On a pu constater d’ailleurs qu’aux Etats-Unis, les mêmes principes ont été suivis, en application de la Constitution, dans l’affaire Clinton : le président des Etats-Unis a été mis en accusation, pour des questions relevant du droit commun, par la Chambre des représentants devant le Sénat constitué en Haute Cour sous la présidence du président de la Cour suprême. De même, en France, le Président de la République pourrait être mis en accusation par l’Assemblée nationale et le Sénat devant la Haute Cour de justice pour les faits qui lui sont reprochés. Il n’y a donc pas immunité de juridiction mais privilège de juridiction. Pourquoi ? Parce qu’aux Etats-Unis comme en France, la responsabilité politique du chef de l’Etat n’existant pas, multiplier les actions en justice contre lui devant les tribunaux ordinaires serait le moyen adéquat de l’amener à démissionner et donc en réalité de mettre en jeu sa responsabilité.
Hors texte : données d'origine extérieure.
lemma concat_ypiece:
  "j < m \<Longrightarrow> concat (map ypiece [0..<2 * j + 1]) = map ychar [n * k2..<ystart j + lenGY]"
proof (induction j)
  case 0
  show ?case using map_ychar_block[of 0] m_pos by (simp add: ypiece_def ystart_def)
next
  case (Suc j)
  have sep: "ypiece (2 * j + 1) = map ychar [ystart j + lenGY..<ystart (Suc j)]"
    using map_ychar_gap[of "ystart j + lenGY" "ystart (Suc j)"] not_in_block_between[of j]
    by (simp add: ypiece_def ystart_Suc)
  have blk: "ypiece (2 * j + 2) = map ychar [ystart (Suc j)..<ystart (Suc j) + lenGY]"
    using map_ychar_block[OF Suc.prems] by (simp add: ypiece_def)
  have "n * k2 \<le> ystart j + lenGY" "ystart j + lenGY \<le> ystart (Suc j)"
    by (simp_all add: ystart_def)
  then have "map ychar [n * k2..<ystart (Suc j) + lenGY]
      = map ychar [n * k2..<ystart j + lenGY] @ map ychar [ystart j + lenGY..<ystart (Suc j)]
        @ map ychar [ystart (Suc j)..<ystart (Suc j) + lenGY]"
    using map_ychar_upt_append[of "n * k2" "ystart (Suc j)" "ystart (Suc j) + lenGY"]
      map_ychar_upt_append[of "n * k2" "ystart j + lenGY" "ystart (Suc j)"] by simp
  thus ?case using Suc sep blk by (simp add: numeral_2_eq_2)
qed

lemma X_eq_concat_xpiece: "X = concat (map xpiece [0..<2 * n - 1])"
proof -
  have "X = concat (map (\<lambda>k. if even k then Gpad \<sigma> \<rho> k1 (Xs (k div 2 + 1))
      else replicate k2 \<mu>) [0..<2 * n - 1])"
    unfolding build_X_def by (rule concat_interleave[OF n_pos])
  also have "(\<lambda>k. if even k then Gpad \<sigma> \<rho> k1 (Xs (k div 2 + 1)) else replicate k2 \<mu>) = xpiece"
    by (simp add: fun_eq_iff xpiece_def GX_def)
  finally show ?thesis .
qed

lemma Y_eq_concat_ypiece:
  "Y = replicate (n * k2) \<mu> @ concat (map ypiece [0..<2 * m - 1]) @ replicate (n * k2) \<mu>"
proof -
  have "Gpad \<sigma> \<rho> k1 (Ys 1) @ concat (map (\<lambda>j. replicate k2 \<mu> @ Gpad \<sigma> \<rho> k1 (Ys j)) [2..<m + 1])
      = concat (map (\<lambda>k. if even k then Gpad \<sigma> \<rho> k1 (Ys (k div 2 + 1)) else replicate k2 \<mu>)
          [0..<2 * m - 1])"
    by (rule concat_interleave[OF m_pos])
  also have "(\<lambda>k. if even k then Gpad \<sigma> \<rho> k1 (Ys (k div 2 + 1)) else replicate k2 \<mu>) = ypiece"
    by (simp add: fun_eq_iff ypiece_def GY_def)
  finally show ?thesis unfolding build_Y_def by simp
qed

lemma Y_eq_map_ychar: "Y = map ychar [0..<lenY]"
proof -
  have "2 * m - 1 = 2 * (m - 1) + 1" using m_pos by simp
  then have mid: "concat (map ypiece [0..<2 * m - 1]) = map ychar [n * k2..<ystart (m - 1) + lenGY]"
    using concat_ypiece[of "m - 1"] m_pos by simp
  have "replicate (n * k2) \<mu> = map ychar [0..<n * k2]"
    using map_ychar_gap[of 0 "n * k2"] not_in_block_before by simp
  moreover have "replicate (n * k2) \<mu> = map ychar [ystart (m - 1) + lenGY..<lenY]"
    using map_ychar_gap[of "ystart (m - 1) + lenGY" lenY] not_in_block_after
    unfolding lenY_def by simp
  moreover have "map ychar [0..<lenY] = map ychar [0..<n * k2]
      @ map ychar [n * k2..<ystart (m - 1) + lenGY] @ map ychar [ystart (m - 1) + lenGY..<lenY]"
  proof -
    have "n * k2 \<le> ystart (m - 1) + lenGY" "ystart (m - 1) + lenGY \<le> lenY"
      by (simp_all add: lenY_def ystart_def)
    thus ?thesis
      using map_ychar_upt_append[of "n * k2" "ystart (m - 1) + lenGY" lenY]
        map_ychar_upt_append[of 0 "n * k2" lenY] by simp
  qed
  ultimately show ?thesis unfolding Y_eq_concat_ypiece mid by simp
qed

lemma length_X: "length X = (2 * n - 1) * k2"
proof -
  have "map length (map xpiece [0..<2 * n - 1]) = replicate (2 * n - 1) k2"
    by (rule nth_equalityI) (auto simp: xpiece_def length_GX)
  thus ?thesis unfolding X_eq_concat_xpiece length_concat by (simp add: sum_list_replicate)
qed

lemma length_Y: "length Y = 2 * n * k2 + m * lenGY + (m - 1) * k2"
proof -
  have "(m - 1) * (lenGY + k2) + lenGY = m * lenGY + (m - 1) * k2"
    using m_pos by (cases m) (auto simp: algebra_simps)
  thus ?thesis unfolding Y_eq_map_ychar lenY_def ystart_def by simp
qed

definition block_count where "block_count x y = card {q. x \<le> q \<and> q < y \<and> in_block q}"
definition gap_count where "gap_count x y = card {q. x \<le> q \<and> q < y \<and> \<not> in_block q}"
definition inner_lcs where "inner_lcs t j = LCS (Xs (t + 1)) (Ys (j + 1))"

lemma filter_map_ychar_not_mu:
  "filter (\<lambda>z. z \<noteq> \<mu>) (map ychar [x..<y]) = map ychar (filter in_block [x..<y])"
  by (simp add: filter_map comp_def ychar_eq_mu_iff)

lemma LCS_GX_le_block_count: "t < n \<Longrightarrow> LCS (GX t) (map ychar [x..<y]) \<le> block_count x y"
  using LCS_le_length_filter[of "GX t" "\<lambda>z. z \<noteq> \<mu>" "map ychar [x..<y]"] mu_notin_GX[of t]
  unfolding filter_map_ychar_not_mu block_count_def by (auto simp: length_filter_upt)

lemma LCS_GX_le_k2: "t < n \<Longrightarrow> LCS (GX t) C \<le> k2"
  using LCS_le_length_left[of "GX t" C] length_GX[of t] by simp

lemma LCS_sep_le_gap_count: "LCS (replicate k2 \<mu>) (map ychar [x..<y]) \<le> gap_count x y"
proof -
  have "LCS (replicate k2 \<mu>) (map ychar [x..<y]) \<le> length (filter (\<lambda>z. z = \<mu>) (map ychar [x..<y]))"
    by (rule LCS_le_length_filter) auto
  thus ?thesis by (simp add: filter_map comp_def ychar_eq_mu_iff gap_count_def length_filter_upt)
qed

lemma LCS_sep_le_k2: "LCS (replicate k2 \<mu>) C \<le> k2"
  using LCS_le_length_left[of "replicate k2 \<mu>" C] by simp

lemma LCS_GX_GY: "t < n \<Longrightarrow> j < m \<Longrightarrow> LCS (GX t) (GY j) = 2 * k1 + inner_lcs t j"
  unfolding GX_def GY_def inner_lcs_def
  using Xs_props[of "t + 1"] Ys_props[of "j + 1"] sigma_notin rho_notin sigma_ne_rho
  by (intro LCS_Gpad) auto

text \<open>Deleting the \<open>\<mu>\<close>'s, which \<open>GX t\<close> does not contain, leaves a subsequence of \<open>GY j\<close>.\<close>

lemma LCS_GX_segment_le:
  assumes t: "t < n" and j: "j < m"
    and only_j: "\<And>q. x \<le> q \<Longrightarrow> q < y \<Longrightarrow> in_block q \<Longrightarrow> ystart j \<le> q \<and> q < ystart j + lenGY"
  shows "LCS (GX t) (map ychar [x..<y]) \<le> 2 * k1 + inner_lcs t j"
proof -
  have "LCS (GX t) (map ychar [x..<y]) \<le> LCS (GX t) (map ychar (filter in_block [x..<y]))"
    using LCS_le_LCS_filter_right[of "GX t" "\<lambda>z. z \<noteq> \<mu>" "map ychar [x..<y]"] mu_notin_GX[OF t]
    unfolding filter_map_ychar_not_mu by auto
  also have "\<dots> \<le> LCS (GX t) (map ychar [ystart j..<ystart j + lenGY])"
  proof (intro LCS_mono_right subseq_map sorted_subset_imp_subseq)
    show "set (filter in_block [x..<y]) \<subseteq> set [ystart j..<ystart j + lenGY]" using only_j by auto
    show "sorted_wrt (<) (filter in_block [x..<y])" by (rule sorted_wrt_filter) simp
  qed (simp add: sorted_wrt_iff_nth_less)
  also have "\<dots> = 2 * k1 + inner_lcs t j" using map_ychar_block[OF j] LCS_GX_GY[OF t j] by simp
  finally show ?thesis .
qed

lemma replicate_mu_subseq_xpieces: "subseq (replicate (r * k2) \<mu>) (concat (map xpiece [x..<x + 2 * r]))"
proof (induction r)
  case (Suc r)
  have "subseq (replicate k2 \<mu>) (xpiece (x + 2 * r) @ xpiece (x + 2 * r + 1))"
    by (cases "even x") (simp_all add: xpiece_def subseq_drop_many subseq_rev_drop_many)
  from list_emb_append_mono[OF Suc.IH this]
  show ?case by (simp add: replicate_add add.commute[of k2])
qed simp

lemma LCS_xpieces_mu:
  assumes "r \<le> n" shows "r * k2 \<le> LCS (concat (map xpiece [x..<x + 2 * r])) (replicate (n * k2) \<mu>)"
proof -
  have "replicate (n * k2) \<mu> = replicate (r * k2) \<mu> @ replicate ((n - r) * k2) \<mu>"
    using assms by (simp add: replicate_add[symmetric] add_mult_distrib[symmetric])
  then have "subseq (replicate (r * k2) \<mu>) (replicate (n * k2) \<mu>)"
    by (simp add: subseq_rev_drop_many)
  from length_le_LCS[OF replicate_mu_subseq_xpieces this] show ?thesis by simp
qed

lemma LCS_ge_shifted:
  assumes "\<Delta> + m \<le> n"
  shows "(n - 1) * k2 + 2 * k1 * m + (\<Sum>r<m. inner_lcs (\<Delta> + r) r) \<le> LCS X Y"
proof -
  define A where "A = concat (map xpiece [0..<0 + 2 * \<Delta>])"
  define B where "B = concat (map (\<lambda>k. xpiece (2 * \<Delta> + k)) [0..<2 * m - 1])"
  define C where "C = concat (map xpiece [2 * \<Delta> + (2 * m - 1)..<2 * \<Delta> + (2 * m - 1) + 2 * (n - \<Delta> - m)])"
  let ?YB = "concat (map ypiece [0..<2 * m - 1])"
  have "X = A @ B @ C"
  proof -
    have "2 * n - 1 = 2 * \<Delta> + (2 * m - 1) + 2 * (n - \<Delta> - m)" using assms m_pos by simp
    then have "[0..<2 * n - 1] = [0..<2 * \<Delta>] @ [2 * \<Delta>..<2 * \<Delta> + (2 * m - 1)]
        @ [2 * \<Delta> + (2 * m - 1)..<2 * \<Delta> + (2 * m - 1) + 2 * (n - \<Delta> - m)]"
      by (metis append.assoc upt_add_eq_append zero_le)
    moreover have "[2 * \<Delta>..<2 * \<Delta> + (2 * m - 1)] = map (\<lambda>k. 2 * \<Delta> + k) [0..<2 * m - 1]"
      by (simp add: map_add_upt add.commute)
    ultimately show ?thesis unfolding X_eq_concat_xpiece A_def B_def C_def by (simp add: comp_def)
  qed
  moreover have "Y = replicate (n * k2) \<mu> @ ?YB @ replicate (n * k2) \<mu>"
    by (rule Y_eq_concat_ypiece)
  ultimately have "LCS A (replicate (n * k2) \<mu>) + LCS B ?YB + LCS C (replicate (n * k2) \<mu>) \<le> LCS X Y"
    using LCS_append_ge[of B ?YB C "replicate (n * k2) \<mu>"]
      LCS_append_ge[of A "replicate (n * k2) \<mu>" "B @ C" "?YB @ replicate (n * k2) \<mu>"] by simp
  moreover have "\<Delta> * k2 \<le> LCS A (replicate (n * k2) \<mu>)"
    unfolding A_def using assms by (intro LCS_xpieces_mu) simp
  moreover have "(n - \<Delta> - m) * k2 \<le> LCS C (replicate (n * k2) \<mu>)"
    unfolding C_def by (intro LCS_xpieces_mu) simp
  moreover have "(\<Sum>r<m. 2 * k1 + inner_lcs (\<Delta> + r) r) + (\<Sum>r<m - 1. k2) \<le> LCS B ?YB"
  proof -
    have "(\<Sum>r<m. 2 * k1 + inner_lcs (\<Delta> + r) r) = (\<Sum>r<m. LCS (xpiece (2 * \<Delta> + 2 * r)) (ypiece (2 * r)))"
      using assms by (intro sum.cong) (auto simp: xpiece_def ypiece_def LCS_GX_GY)
    moreover have "(\<Sum>r<m - 1. k2) = (\<Sum>r<m - 1. LCS (xpiece (2 * \<Delta> + (2 * r + 1))) (ypiece (2 * r + 1)))"
      by (simp add: xpiece_def ypiece_def LCS_refl)
    ultimately show ?thesis
      using sum_LCS_le_LCS_concat[of "\<lambda>k. xpiece (2 * \<Delta> + k)" ypiece "2 * m - 1"]
      unfolding B_def sum_even_odd_split[OF m_pos] by simp
  qed
  moreover have "\<Delta> * k2 + (m - 1) * k2 + (n - \<Delta> - m) * k2 = (n - 1) * k2"
    using assms m_pos by (simp add: add_mult_distrib[symmetric])
  moreover have "(\<Sum>r<m. 2 * k1 + inner_lcs (\<Delta> + r) r) = 2 * k1 * m + (\<Sum>r<m. inner_lcs (\<Delta> + r) r)"
    by (simp add: sum.distrib)
  ultimately show ?thesis by simp
qed

lemma length_X_add_length_Y:
  "length X + length Y = 2 * n * k2 + 2 * (n - 1) * k2 + m * (lx + ly) + 4 * k1 * m"
proof -
  obtain n' where n': "n = Suc n'" using n_pos by (cases n) auto
  obtain m' where m': "m = Suc m'" using m_pos by (cases m) auto
  have "length X + length Y = (2 * n - 1) * k2 + (2 * n * k2 + m * lenGY + (m - 1) * k2)"
    by (simp add: length_X length_Y)
  also have "\<dots> = 2 * n * k2 + 2 * (n - 1) * k2 + m * (lx + ly) + 4 * k1 * m"
    unfolding n' m' lenGY_def k2_def by (simp add: algebra_simps)
  finally show ?thesis .
qed

lemma lcs_dist_add_inner_lcs:
  "t < n \<Longrightarrow> j < m \<Longrightarrow> lcs_dist (Xs (t + 1)) (Ys (j + 1)) + 2 * inner_lcs t j = lx + ly"
  using lcs_dist_add_LCS[of "Xs (t + 1)" "Ys (j + 1)"] Xs_props[of "t + 1"] Ys_props[of "j + 1"]
  unfolding inner_lcs_def by simp

lemma gamma_le: "gamma Xs Ys n m \<le> lx + ly"
  unfolding gamma_def
proof (rule Max.boundedI)
  have "{lcs_dist (Xs i) (Ys j) | i j. i \<in> {1..n} \<and> j \<in> {1..m}}
      = (\<lambda>(i, j). lcs_dist (Xs i) (Ys j)) ` ({1..n} \<times> {1..m})" by force
  thus "finite {lcs_dist (Xs i) (Ys j) | i j. i \<in> {1..n} \<and> j \<in> {1..m}}" by simp
  show "{lcs_dist (Xs i) (Ys j) | i j. i \<in> {1..n} \<and> j \<in> {1..m}} \<noteq> {}" using n_pos m_pos by auto
  fix d assume "d \<in> {lcs_dist (Xs i) (Ys j) | i j. i \<in> {1..n} \<and> j \<in> {1..m}}"
  then obtain i j where "i \<in> {1..n}" "j \<in> {1..m}" "d = lcs_dist (Xs i) (Ys j)" by blast
  thus "d \<le> lx + ly" using Xs_props Ys_props by (auto simp: lcs_dist_def)
qed

lemma align_cost_structured:
  assumes "\<Delta> + m \<le> n"
  shows "align_cost Xs Ys n m {(\<Delta> + k, k) | k. k \<in> {1..m}}
      = (\<Sum>r<m. lcs_dist (Xs (\<Delta> + r + 1)) (Ys (r + 1)))"
proof -
  let ?f = "\<lambda>r. (\<Delta> + Suc r, Suc r)"
  have L: "{(\<Delta> + k, k) | k. k \<in> {1..m}} = ?f ` {..<m}"
    unfolding image_Suc_lessThan[symmetric] by auto
  have inj: "inj_on ?f {..<m}" by (rule inj_onI) simp
  have fst_L: "fst ` ?f ` {..<m} = (\<lambda>r. \<Delta> + Suc r) ` {..<m}" by (simp add: image_image)
  have "\<Delta> + m \<in> (\<lambda>r. \<Delta> + Suc r) ` {..<m}"
    using m_pos by (intro image_eqI[of _ _ "m - 1"]) auto
  moreover have "\<Delta> + 1 \<in> (\<lambda>r. \<Delta> + Suc r) ` {..<m}"
    using m_pos by (intro image_eqI[of _ _ 0]) auto
  ultimately have "Max (fst ` ?f ` {..<m}) = \<Delta> + m" "Min (fst ` ?f ` {..<m}) = \<Delta> + 1"
    unfolding fst_L by (auto intro!: Max_eqI Min_eqI)
  then show ?thesis
    unfolding align_cost_def L sum.reindex[OF inj] card_image[OF inj] by simp
qed

lemma lcs_dist_le_structured_cost:
  assumes "L \<in> structured_alignments n m"
  shows "lcs_dist X Y \<le> align_cost Xs Ys n m L + 2 * n * k2"
proof -
  obtain \<Delta> where \<Delta>: "\<Delta> + m \<le> n" "L = {(\<Delta> + k, k) | k. k \<in> {1..m}}"
    using assms m_le_n unfolding structured_alignments_def by (auto simp: le_diff_conv2)
  have "lcs_dist (Xs (\<Delta> + r + 1)) (Ys (r + 1)) + 2 * inner_lcs (\<Delta> + r) r = lx + ly" if "r < m" for r
    using lcs_dist_add_inner_lcs[of "\<Delta> + r" r] that \<Delta>(1) by simp
  then have "(\<Sum>r<m. lcs_dist (Xs (\<Delta> + r + 1)) (Ys (r + 1))) + 2 * (\<Sum>r<m. inner_lcs (\<Delta> + r) r)
      = (\<Sum>r<m. lx + ly)"
    by (simp add: sum_distrib_left sum.distrib[symmetric])
  thus ?thesis
    using lcs_dist_add_LCS[of X Y] length_X_add_length_Y LCS_ge_shifted[OF \<Delta>(1)]
      align_cost_structured[OF \<Delta>(1)] \<Delta>(2) by simp
qed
C’est pourquoi, s’il doit y avoir mise en cause du chef de l’Etat, il faut que cela se fasse sous le contrôle de la représentation nationale, c’est-à-dire du Parlement. Ce qui est attristant aujourd’hui en France, c’est de constater que l’on n’hésite pas à piétiner le droit si cela est utile pour réaliser un coup politique. On n’hésite pas à déstabiliser les institutions, qui ont mis longtemps à s’installer et à s’imposer, pour gagner une bataille politique. Cela va de pair avec la tendance à toujours vouloir changer les institutions dont je parlais plus haut.

Avez-vous un message à faire passer aux étudiants ?

Le droit n’avait pas, jusqu’à récemment, une véritable importance dans la vie politique sous les 3e et 4e Républiques, ce qui comptait, c’était de savoir si, politiquement, on pouvait imposer telle ou telle solution ou réaliser tel "coup". Comme l’a dit en 1981 un député de la majorité en s’adressant à l’opposition "vous avez juridiquement tort parce que vous êtes politiquement minoritaires", ceci exprimait toute la philosophie de la classe politique avant que ne s’affirme la règle de droit en politique grâce au Conseil constitutionnel qui a affirmé en 1985 que "la loi ne représente la volonté nationale que dans le respect de la Constitution".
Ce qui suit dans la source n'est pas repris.